Dr. Yates has 25 years of teaching experience and acts as Vice President of the Alma Public School Board of Education. 

“Raising the base pay is a step in the right direction, but so much more can be done to promote the importance of the profession across the nation,” said Yates.

“Of course, doing something about the teacher shortage in our country is critical right now, and the American Teacher Act is an important step in creating a better future for teachers and students alike,” said Katie Rooney, an Alma College alumna who graduated in 2022. 

“Ultimately, I think the passing of the American Teacher Act would be a humongous leap forward in treating teachers like the invaluable humans they are,” said Rooney. Rooney also recently began her career as an elementary school teacher. 

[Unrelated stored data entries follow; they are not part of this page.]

(* Let $G$ be a strongly contracting group. Then $\mathrm{WP}_G\in\mathrm{DTIME}_*(n)$.
   Context: Automaton groups: an invertible, minimal automaton $A=(S,X,t,o)$ over a finite alphabet $X$ with state set $S$ closed under inversion generates the group $G_A$ of transformations $o(s,\cdot)$ of $X^{*}$; for a word $w\in S^{*}$ and $x\in X$, the section $w|_x\in S^{*}$ is the word of the same length obtained by running the dual automaton: $(s_1\cdots s_n)|_x=s_1'\cdots s_n'$ with $s_i'=t(s_i,x_i)$, $x_1=x$, $x_{i+1}=o(s_i,x_i)$. $l_S$ denotes word length in $G$ w.r.t. $S$. The automaton group is strongly contracting (for that automaton) if $\sum_{x\in X} l_S(w|_x)<|w|$ for all sufficiently long words $w\in S^{*}$; a group is strongly contracting if it is so for some automaton representation. $\mathrm{DTIME}_*(n)$ is the class of languages decided in linear time by a deterministic multi-tape Turing machine. *)

theory Defs
  imports Main
begin

text \<open>An automaton (S, X, t, o) with finite state type 's and finite alphabet 'x.
  tr = t (transition), outp = o (output).\<close>

fun act :: "('s \<Rightarrow> 'x \<Rightarrow> 's) \<Rightarrow> ('s \<Rightarrow> 'x \<Rightarrow> 'x) \<Rightarrow> 's \<Rightarrow> 'x list \<Rightarrow> 'x list" where
  "act tr outp s [] = []"
| "act tr outp s (x # u) = outp s x # act tr outp (tr s x) u"

text \<open>Action of a word s1...sn of states: s1 acts first.\<close>
definition act_word :: "('s \<Rightarrow> 'x \<Rightarrow> 's) \<Rightarrow> ('s \<Rightarrow> 'x \<Rightarrow> 'x) \<Rightarrow> 's list \<Rightarrow> 'x list \<Rightarrow> 'x list" where
  "act_word tr outp w u = fold (act tr outp) w u"

fun section_word :: "('s \<Rightarrow> 'x \<Rightarrow> 's) \<Rightarrow> ('s \<Rightarrow> 'x \<Rightarrow> 'x) \<Rightarrow> 's list \<Rightarrow> 'x \<Rightarrow> 's list" where
  "section_word tr outp [] x = []"
| "section_word tr outp (s # w) x = tr s x # section_word tr outp w (outp s x)"

definition len_S :: "('s \<Rightarrow> 'x \<Rightarrow> 's) \<Rightarrow> ('s \<Rightarrow> 'x \<Rightarrow> 'x) \<Rightarrow> 's list \<Rightarrow> nat" where
  "len_S tr outp w = (LEAST n. \<exists>v. length v = n \<and> act_word tr outp v = act_word tr outp w)"

definition invertible_automaton :: "('s \<Rightarrow> 'x \<Rightarrow> 's) \<Rightarrow> ('s \<Rightarrow> 'x \<Rightarrow> 'x) \<Rightarrow> bool" where
  "invertible_automaton tr outp \<longleftrightarrow> (\<forall>s. bij (outp s))"

definition minimal_automaton :: "('s \<Rightarrow> 'x \<Rightarrow> 's) \<Rightarrow> ('s \<Rightarrow> 'x \<Rightarrow> 'x) \<Rightarrow> bool" where
  "minimal_automaton tr outp \<longleftrightarrow> inj (act tr outp)"

definition inverse_closed_automaton :: "('s \<Rightarrow> 'x \<Rightarrow> 's) \<Rightarrow> ('s \<Rightarrow> 'x \<Rightarrow> 'x) \<Rightarrow> bool" where
  "inverse_closed_automaton tr outp \<longleftrightarrow>
     (\<forall>s. \<exists>s'. \<forall>u. act tr outp s' (act tr outp s u) = u \<and> act tr outp s (act tr outp s' u) = u)"

definition strongly_contracting_automaton :: "('s::finite \<Rightarrow> 'x::finite \<Rightarrow> 's) \<Rightarrow> ('s \<Rightarrow> 'x \<Rightarrow> 'x) \<Rightarrow> bool" where
  "strongly_contracting_automaton tr outp \<longleftrightarrow>
     (\<exists>N. \<forall>w. N \<le> length w \<longrightarrow> (\<Sum>x\<in>UNIV. len_S tr outp (section_word tr outp w x)) < length w)"

definition word_problem :: "('s \<Rightarrow> 'x \<Rightarrow> 's) \<Rightarrow> ('s \<Rightarrow> 'x \<Rightarrow> 'x) \<Rightarrow> 's list set" where
  "word_problem tr outp = {w. act_word tr outp w = id}"

text \<open>States and tape symbols are natural numbers from finite sets Q and Gamma;
  0 is the blank symbol. Input letters of type 'i are written via an injective
  encoding into Gamma - {0} on tape 0 (positions 0..n-1); all heads start at 0.
  delta q reads the list of the k scanned symbols and returns the new state,
  the k written symbols and the k head moves in {-1,0,1}.\<close>
record 'i tm =
  tm_k :: nat
  tm_Q :: "nat set"
  tm_Gamma :: "nat set"
  tm_enc :: "'i \<Rightarrow> nat"
  tm_start :: nat
  tm_acc :: "nat set"
  tm_rej :: "nat set"
  tm_delta :: "nat \<Rightarrow> nat list \<Rightarrow> nat \<times> nat list \<times> int list"

definition wf_tm :: "'i tm \<Rightarrow> bool" where
  "wf_tm M \<longleftrightarrow> 1 \<le> tm_k M \<and> finite (tm_Q M) \<and> finite (tm_Gamma M) \<and> 0 \<in> tm_Gamma M
    \<and> inj (tm_enc M) \<and> (\<forall>a. tm_enc M a \<in> tm_Gamma M - {0})
    \<and> tm_start M \<in> tm_Q M \<and> tm_acc M \<subseteq> tm_Q M \<and> tm_rej M \<subseteq> tm_Q M
    \<and> tm_acc M \<inter> tm_rej M = {}
    \<and> (\<forall>q \<in> tm_Q M - (tm_acc M \<union> tm_rej M). \<forall>r. length r = tm_k M \<and> set r \<subseteq> tm_Gamma M \<longrightarrow>
          (case tm_delta M q r of (q', ws, ms) \<Rightarrow>
             q' \<in> tm_Q M \<and> length ws = tm_k M \<and> set ws \<subseteq> tm_Gamma M
             \<and> length ms = tm_k M \<and> set ms \<subseteq> {-1, 0, 1}))"

type_synonym config = "nat \<times> (int \<Rightarrow> nat) list \<times> int list"

definition tm_step :: "'i tm \<Rightarrow> config \<Rightarrow> config" where
  "tm_step M c = (case c of (q, ts, hs) \<Rightarrow>
     if q \<in> tm_acc M \<union> tm_rej M then c
     else (case tm_delta M q (map (\<lambda>(t, h). t h) (zip ts hs)) of (q', ws, ms) \<Rightarrow>
       (q', map (\<lambda>((t, h), w). t(h := w)) (zip (zip ts hs) ws),
            map (\<lambda>(h, m). h + m) (zip hs ms))))"

definition tm_init :: "'i tm \<Rightarrow> 'i list \<Rightarrow> config" where
  "tm_init M w = (tm_start M,
     (\<lambda>i. if 0 \<le> i \<and> i < int (length w) then tm_enc M (w ! nat i) else 0)
       # replicate (tm_k M - 1) (\<lambda>_. 0),
     replicate (tm_k M) 0)"

definition decides_in_time :: "'i tm \<Rightarrow> 'i list set \<Rightarrow> (nat \<Rightarrow> nat) \<Rightarrow> bool" where
  "decides_in_time M L T \<longleftrightarrow> (\<forall>w. \<exists>n \<le> T (length w).
     let q = fst ((tm_step M ^^ n) (tm_init M w)) in
     q \<in> tm_acc M \<union> tm_rej M \<and> (q \<in> tm_acc M \<longleftrightarrow> w \<in> L))"

definition DTIME_lin :: "'i list set \<Rightarrow> bool" where
  "DTIME_lin L \<longleftrightarrow> (\<exists>(M :: 'i tm) c. wf_tm M \<and> decides_in_time M L (\<lambda>n. c * n + c))"

end

theory Submission
  imports Defs "HOL-Library.Countable"
begin

text \<open>
  A word of states acts trivially iff it fixes every root letter and all its sections act
  trivially; this reduces the word problem for a word to the word problem for the level of its
  sections. Scanning a word \<open>u\<close> from the left in blocks of \<open>N\<close> states and replacing the section
  of each block by a geodesic produces, for every root letter, a word representing the section
  of \<open>u\<close>; by strong contraction their total length is at most \<open>(N - 1) / N\<close> times \<open>|u|\<close> plus
  a bounded error from the last, incomplete block. Words shorter than a suitable constant \<open>L\<close>
  are decided by a finite table, longer ones are passed on, so the total length of the levels
  (separators included) decreases geometrically. A three-tape machine computes each level
  from the previous one in time linear in its length, alternating two working tapes; summing
  the geometric series gives linear time.
\<close>

section \<open>Words of states and their sections\<close>

fun act_letter :: "('s \<Rightarrow> 'x \<Rightarrow> 'x) \<Rightarrow> 's list \<Rightarrow> 'x \<Rightarrow> 'x" where
  "act_letter outp [] x = x"
| "act_letter outp (s # w) x = act_letter outp w (outp s x)"

lemma act_word_Nil [simp]: "act_word tr outp [] = id"
  unfolding act_word_def by (rule ext) simp

lemma act_word_append: "act_word tr outp (v @ w) = act_word tr outp w \<circ> act_word tr outp v"
  unfolding act_word_def by (rule ext) simp

lemma act_word_Nil_input [simp]: "act_word tr outp w [] = []"
  unfolding act_word_def by (induction w) auto

lemma act_word_Cons_input:
  "act_word tr outp w (x # u) = act_letter outp w x # act_word tr outp (section_word tr outp w x) u"
  unfolding act_word_def by (induction w arbitrary: x u) auto

lemma length_section_word [simp]: "length (section_word tr outp w x) = length w"
  by (induction w arbitrary: x) auto

lemma section_word_append:
  "section_word tr outp (v @ w) x = section_word tr outp v x @ section_word tr outp w (act_letter outp v x)"
  by (induction v arbitrary: x) auto

lemma act_letter_append: "act_letter outp (v @ w) x = act_letter outp w (act_letter outp v x)"
  by (induction v arbitrary: x) auto

lemma bij_act_letter: "(\<And>s. bij (outp s)) \<Longrightarrow> bij (act_letter outp w)"
proof (induction w)
  case Nil
  show ?case by (simp add: bij_def inj_on_def)
next
  case (Cons s w)
  have "act_letter outp (s # w) = act_letter outp w \<circ> outp s" by (rule ext) simp
  then show ?case using Cons bij_comp by metis
qed

lemma act_word_eq_id_iff:
  "act_word tr outp w = id \<longleftrightarrow>
     (\<forall>x. act_letter outp w x = x \<and> act_word tr outp (section_word tr outp w x) = id)"
proof
  assume triv: "act_word tr outp w = id"
  show "\<forall>x. act_letter outp w x = x \<and> act_word tr outp (section_word tr outp w x) = id"
  proof
    fix x
    have "act_word tr outp w (x # u) = x # u" for u using triv by simp
    then show "act_letter outp w x = x \<and> act_word tr outp (section_word tr outp w x) = id"
      by (auto simp: act_word_Cons_input)
  qed
next
  assume "\<forall>x. act_letter outp w x = x \<and> act_word tr outp (section_word tr outp w x) = id"
  then show "act_word tr outp w = id"
    by (intro ext) (case_tac x; auto simp: act_word_Cons_input)
qed

lemma len_S_le_length: "len_S tr outp w \<le> length w"
  unfolding len_S_def by (rule Least_le) auto

definition geodesic :: "('s \<Rightarrow> 'x \<Rightarrow> 's) \<Rightarrow> ('s \<Rightarrow> 'x \<Rightarrow> 'x) \<Rightarrow> 's list \<Rightarrow> 's list" where
  "geodesic tr outp w = (SOME v. length v = len_S tr outp w \<and> act_word tr outp v = act_word tr outp w)"

lemma length_geodesic: "length (geodesic tr outp w) = len_S tr outp w"
  and act_word_geodesic [simp]: "act_word tr outp (geodesic tr outp w) = act_word tr outp w"
proof -
  have "\<exists>v. length v = len_S tr outp w \<and> act_word tr outp v = act_word tr outp w"
    unfolding len_S_def by (rule LeastI_ex) auto
  then have "length (geodesic tr outp w) = len_S tr outp w
      \<and> act_word tr outp (geodesic tr outp w) = act_word tr outp w"
    unfolding geodesic_def by (rule someI_ex)
  then show "length (geodesic tr outp w) = len_S tr outp w"
    and "act_word tr outp (geodesic tr outp w) = act_word tr outp w" by blast+
qed

lemma length_geodesic_le: "length (geodesic tr outp w) \<le> length w"
  by (simp add: length_geodesic len_S_le_length)

section \<open>Contracting sections blockwise\<close>

locale block_contracting =
  fixes tr :: "'s::finite \<Rightarrow> 'x::finite \<Rightarrow> 's" and outp :: "'s \<Rightarrow> 'x \<Rightarrow> 'x" and N :: nat
  assumes bij_outp: "\<And>s. bij (outp s)" and N_pos: "0 < N"
    and contracting: "\<And>w. length w = N \<Longrightarrow> (\<Sum>x\<in>UNIV. len_S tr outp (section_word tr outp w x)) < N"
begin

abbreviation "action \<equiv> act_word tr outp"
abbreviation "sec \<equiv> section_word tr outp"
abbreviation "geod \<equiv> geodesic tr outp"

definition full_blocks :: "'a list \<Rightarrow> 'a list" where
  "full_blocks P = take (length P - length P mod N) P"

definition partial_block :: "'a list \<Rightarrow> 'a list" where
  "partial_block P = drop (length P - length P mod N) P"

lemma full_blocks_append_partial_block [simp]: "full_blocks P @ partial_block P = P"
  by (simp add: full_blocks_def partial_block_def)

lemma length_partial_block: "length (partial_block P) = length P mod N"
  by (simp add: partial_block_def)

lemma length_partial_block_less: "length (partial_block P) < N"
  by (simp add: length_partial_block N_pos)

lemma blocks_snoc_complete:
  assumes "length (partial_block P) + 1 = N"
  shows "full_blocks (P @ [s]) = P @ [s]" "partial_block (P @ [s]) = []"
proof -
  have "length (P @ [s]) mod N = 0"
    using assms by (simp add: length_partial_block mod_Suc)
  then show "full_blocks (P @ [s]) = P @ [s]" "partial_block (P @ [s]) = []"
    by (simp_all add: full_blocks_def partial_block_def)
qed

lemma blocks_snoc_incomplete:
  assumes "length (partial_block P) + 1 \<noteq> N"
  shows "full_blocks (P @ [s]) = full_blocks P" "partial_block (P @ [s]) = partial_block P @ [s]"
proof -
  have m: "Suc (length P) mod N = Suc (length P mod N)"
    using assms by (simp add: length_partial_block mod_Suc)
  show "full_blocks (P @ [s]) = full_blocks P" "partial_block (P @ [s]) = partial_block P @ [s]"
    by (simp_all add: full_blocks_def partial_block_def m)
qed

“Education is power, and teachers place that into the hands of our country’s future citizens – parents, politicians, influencers, innovators, etc… We should be paying teachers a comfortable living wage at the very least, and there is no reason teachers should have another stressor on our already overfilling plates,” said Rooney. 

“As a second-year teacher, I make around $41,500 per year. I am constantly being told I am lucky to even make this much, while at the same time, I struggle to make ends meet and pay my bills,” said Jessica Headlee, a 2020 Alma College alum. 

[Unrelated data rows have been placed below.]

lemma max_antichain_comparable:
  assumes "max_antichain_in P A" and "b \<in> P"
  shows "\<exists>a\<in>A. comparable a b"
proof (rule ccontr)
  assume "\<not> (\<exists>a\<in>A. comparable a b)"
  then have "b \<notin> A" and "antichain_in P (insert b A)"
    using assms by (auto simp: max_antichain_in_def antichain_in_def incomp_def comparable_def)
  then show False
    using assms by (auto simp: max_antichain_in_def)
qed

lemma antichain_extends_to_max:
  assumes "antichain_in P S"
  obtains M where "max_antichain_in P M" and "S \<subseteq> M"
proof -
  let ?\<A> = "{A. antichain_in P A \<and> S \<subseteq> A}"
  have "\<exists>M\<in>?\<A>. \<forall>A\<in>?\<A>. M \<subseteq> A \<longrightarrow> A = M"
  proof (rule subset_Zorn_nonempty)
    show "?\<A> \<noteq> {}"
      using assms by blast
    show "\<Union>\<C> \<in> ?\<A>" if "\<C> \<noteq> {}" and chain: "subset.chain ?\<A> \<C>" for \<C>
    proof -
      have "\<C> \<subseteq> ?\<A>" and "chain\<^sub>\<subseteq> \<C>"
        using chain by (simp_all add: subset_chain_def chain_subset_def)
      then have "pairwise incomp (\<Union>\<C>)"
        by (intro pairwise_chain_Union) (auto simp: antichain_in_iff_pairwise)
      then show ?thesis
        using \<open>\<C> \<subseteq> ?\<A>\<close> \<open>\<C> \<noteq> {}\<close> by (auto simp: antichain_in_iff_pairwise)
    qed
  qed
  then obtain M where M: "antichain_in P M" "S \<subseteq> M"
    and maximal: "\<forall>A\<in>?\<A>. M \<subseteq> A \<longrightarrow> A = M"
    by auto
  have "max_antichain_in P M"
    unfolding max_antichain_in_def
  proof (intro conjI ballI impI notI)
    fix x assume "x \<notin> M" "antichain_in P (insert x M)"
    then show False
      using maximal M(2) by blast
  qed (rule M(1))
  then show thesis
    using M(2) by (rule that)
qed

definition covers :: "'a::order set \<Rightarrow> 'a set \<Rightarrow> bool" where
  "covers A B \<longleftrightarrow> (\<forall>a\<in>A. \<exists>b\<in>B. comparable a b)"

lemma covers_diff:
  assumes "antichain_in P A" and "covers A B"
  shows "covers (A - B) (B - A)"
  using assms antichain_comparable_eq[OF assms(1)] unfolding covers_def by fastforce

lemma max_antichain_covers_antichain:
  "max_antichain_in P A \<Longrightarrow> antichain_in P B \<Longrightarrow> covers B A"
  using max_antichain_comparable antichain_in_subset by (fastforce simp: covers_def comparable_sym)

lemma has_induced4_obs1I:
  assumes "a \<in> P" "b \<in> P" "c \<in> P" "d \<in> P" "a < b" "c < d"
    "\<not> comparable a c" "\<not> comparable a d" "\<not> comparable b c" "\<not> comparable b d"
  shows "has_induced4 P obs1_less"
proof -
  have "{0..<4::nat} = {0, 1, 2, 3}" by auto
  then show ?thesis
    unfolding has_induced4_def
    using assms by (intro exI[of _ "\<lambda>i. [a, b, c, d] ! i"])
      (auto simp: obs1_less_def inj_on_def comparable_def dest: less_imp_le less_not_sym)
qed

“This is a huge reason why I have two other jobs on top of my job as a teacher. I face disparaging burnout, financial struggles, loss of family time and lack of sleep every day because my career simply does not pay teachers what we are worth,” said Headlee.

“ There is a huge disparity here as you can see. It is clear that teachers are not valued as professionals since we are hardly paid as such.” 

“Another benefit I hope for is that, if the American Teacher Act passes, hopefully, we will draw more qualified candidates into the field of teaching,” said Headlee. “I am aware of multiple teaching positions that have had to be filled by long-term substitute teachers. Is this really what is best for our students?”

“I think if this act were to pass, it would definitely shine [a] light on the profession and encourage people in America, especially college students, to consider going into teaching,” said Raegan Stambaugh (’23), an Alma College student in the process of her first semester as a student teacher.

“This bill would help to send a message and prove that teachers are a valued part of society,” said Stambaugh.

One thing many hope to see is how much further the income can be raised. “$60,000 will not go very far in bigger cities such as New York or San Francisco. It would be nice if they could even set the salary even higher,” said Stambaugh.

Whichever trajectory this new act will take, the surrounding conversation is certainly a step in the right direction.